Find all lines in the listing that include the word "intro", then copy them.

====== Supplied records

lemma inj_matrix_vector_mult_if_triangular:
  fixes A :: "'a::field ^ 'n ^ 'n" and e :: "'n \<Rightarrow> nat"
  assumes "inj e" "\<And>i. A $ i $ i \<noteq> 0" "\<And>i j. e j < e i \<Longrightarrow> A $ i $ j = 0"
  shows "inj ((*v) A)"
  unfolding vec.linear_inj_iff_eq_0[OF matrix_vector_mul_linear_gen]
proof (intro allI impI)
  fix x :: "'a ^ 'n"
  assume Ax: "A *v x = 0"
  show "x = 0"
  proof (rule ccontr)
    assume "x \<noteq> 0"
    then have "e ` {j. x $ j \<noteq> 0} \<noteq> {}" by (auto simp: vec_eq_iff)
    then have "Max (e ` {j. x $ j \<noteq> 0}) \<in> e ` {j. x $ j \<noteq> 0}" by (simp add: Max_in)
    then obtain i where i: "x $ i \<noteq> 0" "e i = Max (e ` {j. x $ j \<noteq> 0})" by auto
    then have max: "e j \<le> e i" if "x $ j \<noteq> 0" for j
      using that by simp
    have "A $ i $ j * x $ j = 0" if "j \<noteq> i" for j
      using max[of j] assms(3)[of j i] inj_eq[OF assms(1), of j i] that
      by (cases "x $ j = 0") auto
    then have "(A *v x) $ i = A $ i $ i * x $ i"
      by (simp add: matrix_vector_mult_def sum.remove[of UNIV i] sum.neutral)
    then show False using Ax i(1) assms(2)[of i] by simp
  qed
qed

section \<open>Lattices stable under multiplication by t\<close>

lemma prime_card_field_eq_of_nat:
  assumes "prime CARD('k::{field,finite})"
  shows "\<exists>n. (a::'k) = of_nat n"
proof -
  have "CHAR('k) = CARD('k)"
    using CHAR_dvd_CARD[where 'a='k] CHAR_not_1[where 'a='k] assms
    by (metis One_nat_def prime_nat_iff)
  moreover have "inj_on (of_nat :: nat \<Rightarrow> 'k) {..<CHAR('k)}"
    by (intro inj_onI) (auto simp: of_nat_eq_iff_cong_CHAR cong_def)
  ultimately have "(of_nat :: nat \<Rightarrow> 'k) ` {..<CHAR('k)} = UNIV"
    by (intro card_subset_eq) (auto simp: card_image)
  then show ?thesis by auto
qed

lemma fls_const_mult_X_power_nth:
  "(fls_const a * fls_X ^ m) $$ k = (if k = int m then a else (0::'a::semiring_1))"
  by (simp add: fls_X_power_times_conv_shift(2) fls_times_fps_to_fls)

lemma fls_val_ge_0_decompose:
  fixes f :: "'a::comm_ring_1 fls"
  assumes "f \<in> fls_val_ge 0"
  shows "\<exists>a r. f = (\<Sum>k<n. fls_const (a k) * fls_X ^ k) + r \<and> r \<in> fls_val_ge (int n)"
proof (induction n)
  case 0
  show ?case using assms by auto
next
  case (Suc n)
  then obtain a r where f: "f = (\<Sum>k<n. fls_const (a k) * fls_X ^ k) + r"
    and r: "r \<in> fls_val_ge (int n)" by blast
  define r' where "r' = r - fls_const (r $$ int n) * fls_X ^ n"
  have "r' \<in> fls_val_ge (int (Suc n))"
    using r by (auto simp: fls_val_ge_def r'_def fls_const_mult_X_power_nth)
  moreover have "f = (\<Sum>k<Suc n. fls_const ((a(n := r $$ int n)) k) * fls_X ^ k) + r'"
    by (simp add: f r'_def)
  ultimately show ?case by blast
qed

text \<open>
  Write \<open>c\<close> as a polynomial plus a multiple of a high power of \<open>t\<close>: the polynomial acts by
  sums of \<open>t\<close>-shifts and prime-field multiples, the remainder carries \<open>v\<close> into \<open>t\<^sup>N O\<^sup>d\<close>.
\<close>

lemma tau_stable_subgroup_smult_closed:
  fixes V :: "('k::{field,finite} fls ^ 'n) set"
  assumes "prime CARD('k)" and V: "add_subgroup V" "tau_mult ` V \<subseteq> V" "vec_val_ge N \<subseteq> V"
    and "c \<in> fls_val_ge 0" "v \<in> V"
  shows "c *s v \<in> V"
proof -
  have const_closed: "fls_const a *s w \<in> V" if "w \<in> V" for a w
  proof -
    obtain m where "a = of_nat m" using prime_card_field_eq_of_nat[OF assms(1)] by blast
    then show ?thesis using add_subgroup_of_nat_smult[OF V(1) that] by (simp add: fls_of_nat)
  qed
  have X_power_closed: "fls_X ^ k *s w \<in> V" if "w \<in> V" for k w
  proof (induction k)
    case (Suc k)
    then have "tau_mult (fls_X ^ k *s w) \<in> V" using V(2) by blast
    then show ?case by (simp add: tau_mult_eq_smult vector_smult_assoc)
  qed (simp add: that)
  obtain M where M: "v \<in> vec_val_ge M" using finite_subset_vec_val_ge[of "{v}"] by auto
  obtain a r where c: "c = (\<Sum>k<nat (N - M). fls_const (a k) * fls_X ^ k) + r"
    and r: "r \<in> fls_val_ge (int (nat (N - M)))"
    using fls_val_ge_0_decompose[OF assms(5)] by blast
  have "(\<Sum>k<nat (N - M). fls_const (a k) *s (fls_X ^ k *s v)) \<in> V"
    by (intro add_subgroup_sum[OF V(1)] const_closed X_power_closed \<open>v \<in> V\<close>)
  moreover have "N \<le> int (nat (N - M)) + M" by linarith
  then have "r *s v \<in> V"
    using vec_val_ge_smult[OF r M] vec_val_ge_mono V(3) by blast
  ultimately have "(\<Sum>k<nat (N - M). fls_const (a k) *s (fls_X ^ k *s v)) + r *s v \<in> V"
    using V(1) by (simp add: add_subgroup_def)
  then show ?thesis
    by (simp add: c vector_sadd_rdistrib vec.scale_sum_left vector_smult_assoc)
qed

============

◆ Reply to the exercise ◆
proof (intro allI impI)
    by (intro inj_onI) (auto simp: of_nat_eq_iff_cong_CHAR cong_def)
    by (intro card_subset_eq) (auto simp: card_image)
    by (intro add_subgroup_sum[OF V(1)] const_closed X_power_closed \<open>v \<in> V\<close>)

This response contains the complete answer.